NAB was the only bank to provide a statement on the matter.
CBA had referred to the ABA’s statement and indicated that it was still premature for the bank to disclose its thoughts in detail.
Westpac, on the other hand, declined to comment, while ANZ is yet to respond.
Other product providers have been quite welcoming of the changes, with AMP stating that it welcomed the “comprehensive roadmap” offered by the government.
“The removal of the safe harbour steps in favour of a principle-based approach to the best interests duty will empower financial advisers, lead to new channels for the delivery of financial advice, and make advice accessible to many more Australians,” said AMP chief executive Alexis George.
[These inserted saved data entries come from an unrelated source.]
(* Let $H$ be a complex Hilbert space, $A\in B(H)$ a nonzero positive semidefinite operator, and $T\in B_{A^{1/2}}(H)$. Then $|\lambda|\le\max\{\|T\|_A,\|T^{\diamond}\|_A\}$ for every $\lambda\in\sigma_A(T)$. In particular, $\sigma_A(T)$ is bounded.
   Context: $\|x\|_A=\langle Ax,x\rangle^{1/2}$. For $S\in B(H)$, $\|S\|_A=\sup\{\|Sx\|_A : x\in\overline{R(A)},\ \|x\|_A=1\}$. $B_{A^{1/2}}(H)=\{S\in B(H): R(S^*A^{1/2})\subset R(A^{1/2})\}$. For $S\in B_{A^{1/2}}(H)$, $S^{\diamond}$ is the unique operator in $B(H)$ with $S^*A^{1/2}=A^{1/2}S^{\diamond}$ and $R(S^{\diamond})\subset\overline{R(A^{1/2})}$. $S\in B_{A^{1/2}}(H)$ is $A$-invertible in $B_{A^{1/2}}(H)$ if there is a nonzero $R\in B_{A^{1/2}}(H)$ with $ASR=ARS=A$; $\rho_A(S)=\{\lambda:\lambda I-S$ is $A$-invertible in $B_{A^{1/2}}(H)\}$, $\sigma_A(S)=\mathbb C\setminus\rho_A(S)$. *)

theory Defs
  imports "HOL-Analysis.Analysis"
begin

text \<open>HOL has no complex inner product spaces, so we introduce them as a type class:
a real normed vector space with a compatible complex scalar multiplication and an
inner product, linear in the first argument and conjugate symmetric, inducing the norm.\<close>

class complex_inner = real_normed_vector +
  fixes scaleC :: "complex \<Rightarrow> 'a \<Rightarrow> 'a"
    and cinner :: "'a \<Rightarrow> 'a \<Rightarrow> complex"
  assumes scaleC_add_right: "scaleC c (x + y) = scaleC c x + scaleC c y"
    and scaleC_add_left: "scaleC (c + d) x = scaleC c x + scaleC d x"
    and scaleC_scaleC: "scaleC c (scaleC d x) = scaleC (c * d) x"
    and scaleC_one: "scaleC 1 x = x"
    and scaleR_scaleC: "scaleR r x = scaleC (complex_of_real r) x"
    and cinner_add_left: "cinner (x + y) z = cinner x z + cinner y z"
    and cinner_scaleC_left: "cinner (scaleC c x) y = c * cinner x y"
    and cinner_commute: "cinner y x = cnj (cinner x y)"
    and norm_eq_sqrt_cinner: "norm x = sqrt (Re (cinner x x))"

class chilbert_space = complex_inner + complete_space

definition bounded_clinear :: "('a::complex_inner \<Rightarrow> 'b::complex_inner) \<Rightarrow> bool" where
  "bounded_clinear S \<longleftrightarrow> bounded_linear S \<and> (\<forall>c x. S (scaleC c x) = scaleC c (S x))"

definition adj :: "('a::chilbert_space \<Rightarrow> 'a) \<Rightarrow> ('a \<Rightarrow> 'a)" where
  "adj S = (THE S'. \<forall>x y. cinner (S x) y = cinner x (S' y))"

definition positive_op :: "('a::chilbert_space \<Rightarrow> 'a) \<Rightarrow> bool" where
  "positive_op A \<longleftrightarrow> bounded_clinear A \<and>
     (\<forall>x. Im (cinner (A x) x) = 0 \<and> 0 \<le> Re (cinner (A x) x))"

definition sqrt_op :: "('a::chilbert_space \<Rightarrow> 'a) \<Rightarrow> ('a \<Rightarrow> 'a)" where
  "sqrt_op A = (THE B. positive_op B \<and> B \<circ> B = A)"

definition normA :: "('a::chilbert_space \<Rightarrow> 'a) \<Rightarrow> 'a \<Rightarrow> real" where
  "normA A x = sqrt (Re (cinner (A x) x))"

definition opnormA :: "('a::chilbert_space \<Rightarrow> 'a) \<Rightarrow> ('a \<Rightarrow> 'a) \<Rightarrow> real" where
  "opnormA A S = Sup {normA A (S x) | x. x \<in> closure (range A) \<and> normA A x = 1}"

definition BA :: "('a::chilbert_space \<Rightarrow> 'a) \<Rightarrow> ('a \<Rightarrow> 'a) set" where
  "BA A = {S. bounded_clinear S \<and> range (adj S \<circ> sqrt_op A) \<subseteq> range (sqrt_op A)}"

definition diamond :: "('a::chilbert_space \<Rightarrow> 'a) \<Rightarrow> ('a \<Rightarrow> 'a) \<Rightarrow> ('a \<Rightarrow> 'a)" where
  "diamond A S = (THE R. bounded_clinear R \<and> adj S \<circ> sqrt_op A = sqrt_op A \<circ> R
                         \<and> range R \<subseteq> closure (range (sqrt_op A)))"

definition A_invertible :: "('a::chilbert_space \<Rightarrow> 'a) \<Rightarrow> ('a \<Rightarrow> 'a) \<Rightarrow> bool" where
  "A_invertible A S \<longleftrightarrow> S \<in> BA A \<and>
     (\<exists>R\<in>BA A. R \<noteq> (\<lambda>_. 0) \<and> A \<circ> S \<circ> R = A \<and> A \<circ> R \<circ> S = A)"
The creation of a new type of financial adviser has alarmed many in industry, with Peter White AM, the managing director of the Finance Brokers Association of Australasia (FBAA), suggesting that the move would result in product pushing rather than good financial advice.
Reacting to the news in December, the MD of the FBAA stated: “The FBAA is concerned about the announcement that the federal government is introducing a new class of financial advice provider that will allow employees of banks, insurers, and other financial institutions to provide advice under the title of ‘qualified advisers’.
“This presents more questions than it does provide solutions and has the potential to backfire. We know financial institutions and banks will always put profits first and their track record is abysmal. How can an employee of an institution selling a product possibly act in the best interests of the consumer?
“Will these ‘qualified advisers’ give real actual independent advice or limit their advice to their ‘off the shelf’ products? The product they are pitching to the client may well not be in their best interest[s] compared to other products in the financial services arena. So how can they meet any sort of best interests test?
“We also must ask what education qualifications these individuals will be obliged to have. It cannot be less than any financial adviser practitioner, otherwise their advice will be poor and uninformed. The result of this lack of complete knowledge can create poor outcomes and risks peoples’ future including their retirement plans.”
Mr White added that if there is a breach of law, the licensee alone should not be responsible.
“This responsibility and accountability should extend to the individual giving the advice,” he said.
“If not, we know from past experience that the large corporate just pays the fine, gets a slap on the wrist, and moves on.
“I call on the minister to extend the reach of the obligation and recourse and consider these potential ramifications before putting anything in place.
“There are many questions that must be addressed and if this is not properly considered, the adverse impact could be dramatic.”